# Duprasi info needed



## Pollypocket2011 (Oct 23, 2011)

Hi,

I have a question-can you help me? :confused1:
I am interested in Duprasi and before purchasing an exotic rodent I am researching as much as I can....I have already read a lot on these creatures but the thing that is confusing me is how many types of Duprasi are out there? I have seen posts and documents naming Egyptian and Algerian, but what are the difference between these sub-species? Can you tell me if there are any other sub-species/mutations or hybrids?
I would be very grateful for any advice you can provide.

Thanks
Polly


----------



## Crittery (May 2, 2011)

I've only heard about Eygptian and Algerian myself. I fostered what I believe was an Egyptian, from what I can tell the Algerian has a smoother, less scruffy coat and wider head. I also seem to remember reading that Eygptian's have a better temperament - but I've just been looking and can't find where that was stated.
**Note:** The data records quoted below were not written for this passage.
lemma clifford_kernels_kernel_conv:
  assumes "X \<in> clifford_kernels \<gamma> k1" "Y \<in> clifford_kernels \<gamma> k2"
  shows "kernel_conv \<theta> X Y \<in> clifford_kernels \<gamma> (k1 + k2)"
proof -
  obtain L1 where L1: "X = clifford_kernel \<gamma> L1" "\<forall>w\<in>set L1. fst w \<in> Atheta \<and> length (snd w) = k1"
    using assms(1) unfolding clifford_kernels_def by blast
  obtain L2 where L2: "Y = clifford_kernel \<gamma> L2" "\<forall>w\<in>set L2. fst w \<in> Atheta \<and> length (snd w) = k2"
    using assms(2) unfolding clifford_kernels_def by blast
  let ?term = "\<lambda>w. \<lambda>y. mscale (fst w y) (cliff_prod \<gamma> (snd w))"
  have rapid_term: "rapid (?term w)" if "w \<in> set L1 \<union> set L2" for w
    using L1(2) L2(2) that by (auto simp: Atheta_def intro: rapid_mscale)
  have "kernel_conv \<theta> X Y
      = (\<lambda>z. \<Sum>w1\<leftarrow>L1. \<Sum>w2\<leftarrow>L2. mscale (torus_mult \<theta> (fst w1) (fst w2) z) (cliff_prod \<gamma> (snd w1 @ snd w2)))"
  proof
    fix z
    have "kernel_conv \<theta> X Y z = (\<Sum>w1\<leftarrow>L1. kernel_conv \<theta> (?term w1) Y z)"
      unfolding L1(1) clifford_kernel_def
      by (rule kernel_conv_sum_list_left) (use rapid_term clifford_kernels_rapid[OF assms(2)] in auto)
    also have "\<dots> = (\<Sum>w1\<leftarrow>L1. \<Sum>w2\<leftarrow>L2. kernel_conv \<theta> (?term w1) (?term w2) z)"
      unfolding L2(1) clifford_kernel_def
      by (intro arg_cong[where f = sum_list] map_cong refl kernel_conv_sum_list_right) (use rapid_term in auto)
    also have "\<dots> = (\<Sum>w1\<leftarrow>L1. \<Sum>w2\<leftarrow>L2. mscale (torus_mult \<theta> (fst w1) (fst w2) z) (cliff_prod \<gamma> (snd w1 @ snd w2)))"
      using L1(2) L2(2)
      by (intro arg_cong[where f = sum_list] map_cong refl)
         (simp add: kernel_conv_tensor Atheta_def cliff_prod_append)
    finally show "kernel_conv \<theta> X Y z
      = (\<Sum>w1\<leftarrow>L1. \<Sum>w2\<leftarrow>L2. mscale (torus_mult \<theta> (fst w1) (fst w2) z) (cliff_prod \<gamma> (snd w1 @ snd w2)))" .
  qed
  also have "\<dots> \<in> clifford_kernels \<gamma> (k1 + k2)"
    using L1(2) L2(2)
    by (intro clifford_kernels_sum_list clifford_kernels_single Atheta_torus_mult) auto
  finally show ?thesis .
qed

definition polar :: "'n::finite set \<Rightarrow> real^'n \<Rightarrow> real^'n \<Rightarrow> real" where
  "polar K u v = qform K (u + v) - qform K u - qform K v"

definition qsign :: "'n set \<Rightarrow> 'n \<Rightarrow> real" where
  "qsign K i = (if i \<in> K then -1 else 1)"

lemma polar_eq_sum: "polar K u v = (\<Sum>i\<in>UNIV. 2 * qsign K i * u $ i * v $ i)"
  unfolding polar_def qform_def qsign_def
  by (simp add: sum_subtractf[symmetric] power2_sum algebra_simps)

definition comm_chain_kernel :: "(real^'n \<Rightarrow> real^'n \<Rightarrow> real) \<Rightarrow> 'n set \<Rightarrow> (real^'n \<Rightarrow> complex^'s^'s)
    \<Rightarrow> (int^'n \<Rightarrow> complex) list \<Rightarrow> int^'n \<Rightarrow> complex^'s^'s" where
  "comm_chain_kernel \<theta> K \<gamma> as = foldr (\<lambda>a X. kernel_conv \<theta> (comm_kernel K \<gamma> a) X) as unit_kernel"

definition form_kernel :: "(real^'n \<Rightarrow> real^'n \<Rightarrow> real) \<Rightarrow> 'n set \<Rightarrow> (real^'n \<Rightarrow> complex^'s^'s)
    \<Rightarrow> (int^'n \<Rightarrow> complex) \<times> (int^'n \<Rightarrow> complex) list \<Rightarrow> int^'n \<Rightarrow> complex^'s^'s" where
  "form_kernel \<theta> K \<gamma> w = kernel_conv \<theta> (\<lambda>y. mscale (fst w y) (mat 1)) (comm_chain_kernel \<theta> K \<gamma> (snd w))"

definition dform_kernel :: "(real^'n \<Rightarrow> real^'n \<Rightarrow> real) \<Rightarrow> 'n set \<Rightarrow> (real^'n \<Rightarrow> complex^'s^'s)
    \<Rightarrow> (int^'n \<Rightarrow> complex) \<times> (int^'n \<Rightarrow> complex) list \<Rightarrow> int^'n \<Rightarrow> complex^'s^'s" where
  "dform_kernel \<theta> K \<gamma> w = comm_chain_kernel \<theta> K \<gamma> (fst w # snd w)"

lemma comm_chain_kernel_Nil [simp]: "comm_chain_kernel \<theta> K \<gamma> [] = unit_kernel"
  and comm_chain_kernel_Cons:
    "comm_chain_kernel \<theta> K \<gamma> (a # as) = kernel_conv \<theta> (comm_kernel K \<gamma> a) (comm_chain_kernel \<theta> K \<gamma> as)"
  by (simp_all add: comm_chain_kernel_def)

locale nc_torus_dirac =
  fixes \<theta> :: "real^'n::finite \<Rightarrow> real^'n \<Rightarrow> real"
    and K :: "'n set"
    and \<gamma> :: "real^'n \<Rightarrow> complex^'s::finite^'s"
  assumes bilinear_theta: "bilinear \<theta>"
    and linear_gamma: "linear \<gamma>"
    and gamma_square: "\<And>v. \<gamma> v ** \<gamma> v = mat (complex_of_real (qform K v))"
begin

lemma gamma_rv_diff: "\<gamma> (rv z) = \<gamma> (rv y) + \<gamma> (rv (z - y))"
  using linear_gamma by (simp add: rv_diff linear_add[symmetric])

lemma gamma_anticommute: "\<gamma> u ** \<gamma> v + \<gamma> v ** \<gamma> u = mat (complex_of_real (polar K u v))"
proof -
  have "\<gamma> (u + v) ** \<gamma> (u + v) = \<gamma> u ** \<gamma> u + (\<gamma> u ** \<gamma> v + \<gamma> v ** \<gamma> u) + \<gamma> v ** \<gamma> v"
    using linear_gamma by (simp add: linear_add matrix_add_ldistrib matrix_add_rdistrib' algebra_simps)
  then have "\<gamma> u ** \<gamma> v + \<gamma> v ** \<gamma> u
      = mat (complex_of_real (qform K (u + v))) - mat (complex_of_real (qform K u)) - mat (complex_of_real (qform K v))"
    using gamma_square[of "u + v"] gamma_square[of u] gamma_square[of v] by (simp add: algebra_simps)
  then show ?thesis
    unfolding polar_def by (simp add: mat_diff')
qed

lemma comm_kernel_in_clifford_kernels: "a \<in> Atheta \<Longrightarrow> comm_kernel K \<gamma> a \<in> clifford_kernels \<gamma> 1"
proof -
  assume a: "a \<in> Atheta"
  have "comm_kernel K \<gamma> a
      = (\<lambda>y. \<Sum>i\<in>UNIV. mscale (dirac_const K * (complex_of_real (rv y $ i) * a y)) (cliff_prod \<gamma> [axis i 1]))"
    unfolding comm_kernel_def
    by (subst linear_basis_expansion[OF linear_gamma])
       (simp add: mscale_sum_right scaleR_eq_mscale mscale_mscale cliff_prod_Cons mult_ac)
  also have "\<dots> \<in> clifford_kernels \<gamma> 1"
    by (intro clifford_kernels_sum clifford_kernels_single Atheta_scale Atheta_coordinate_mult a) simp_all
  finally show ?thesis .
qed

lemma rapid_comm_kernel': "a \<in> Atheta \<Longrightarrow> rapid (comm_kernel K \<gamma> a)"
  by (simp add: Atheta_def rapid_comm_kernel[OF linear_gamma])

lemma comm_chain_kernel_in_clifford_kernels:
  "set as \<subseteq> Atheta \<Longrightarrow> comm_chain_kernel \<theta> K \<gamma> as \<in> clifford_kernels \<gamma> (length as)"
proof (induction as)
  case Nil
  have "unit_kernel = (\<lambda>y. mscale (if y = 0 then 1 else 0) (cliff_prod \<gamma> []))"
    by (auto simp: unit_kernel_def fun_eq_iff)
  also have "\<dots> \<in> clifford_kernels \<gamma> 0"
    by (rule clifford_kernels_single) (auto simp: Atheta_def intro: rapid_single_support)
  finally show ?case
    by simp
next
  case (Cons a as)
  then show ?case
    using clifford_kernels_kernel_conv[OF comm_kernel_in_clifford_kernels Cons.IH, of a \<theta>]
    by (simp add: comm_chain_kernel_Cons)
qed

lemma rapid_comm_chain_kernel: "set as \<subseteq> Atheta \<Longrightarrow> rapid (comm_chain_kernel \<theta> K \<gamma> as)"
  using comm_chain_kernel_in_clifford_kernels clifford_kernels_rapid by blast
The best thing to remember with these guys is that if you are expecting the personality of a gerbil that you'll be disappointed - but if you are a hamster person, and you do want something that is more content to just sit on your hand and be stroked - then you'll love them 

I've got a little video here of my foster guy George the foster Duprasi, fat-tailed gerbil (exotic rodent pet) - YouTube

Oh and I was just going to point you at the EKF forums but you are a few minutes ahead of me :lol:


----------



## Pollypocket2011 (Oct 23, 2011)

Thank you very much:thumbup:


----------



## Felixteteddys (Oct 30, 2011)

Hi
I breed duprasi since 1 year. I breed the algerian line of duprasi. Idk if the look much different. I read that the Eygptian do have more grey fur and the should be more agressive. At the moment I keep 5 duprasi. One couple of a boy and a girl and one couple of two girls and one boy. 
They are little bit difficult cause of there social. Never take 2 male ones better two girls. Minimum size of housing should be 0,5 qm, with less space they are getting very agressiv to their mate :-/
And waht they need is much alive insects for food (by 80 %)


----------



## Cuddypuppy (Jan 15, 2009)

I have a Duprasi (called Monty) and he's the most wonderful creature. Quite a little character. He enjoys being handled and loves to run in his wheel and his ball. Unlike other rodents, he does not smell at all but he poos a lot but only on one layer of his gerbilarium. I hoover out the poo and do a wipe down each day and do a full clean (even though he never smells) every 2 weeks. When he is looking greasy I put a bowl of chinchilla sand in with him.


----------



## Felixteteddys (Oct 30, 2011)

But Duprasi are very social mices , they never do life alone.


----------



## Cuddypuppy (Jan 15, 2009)

Felixteteddys said:


> But Duprasi are very social mices , they never do life alone.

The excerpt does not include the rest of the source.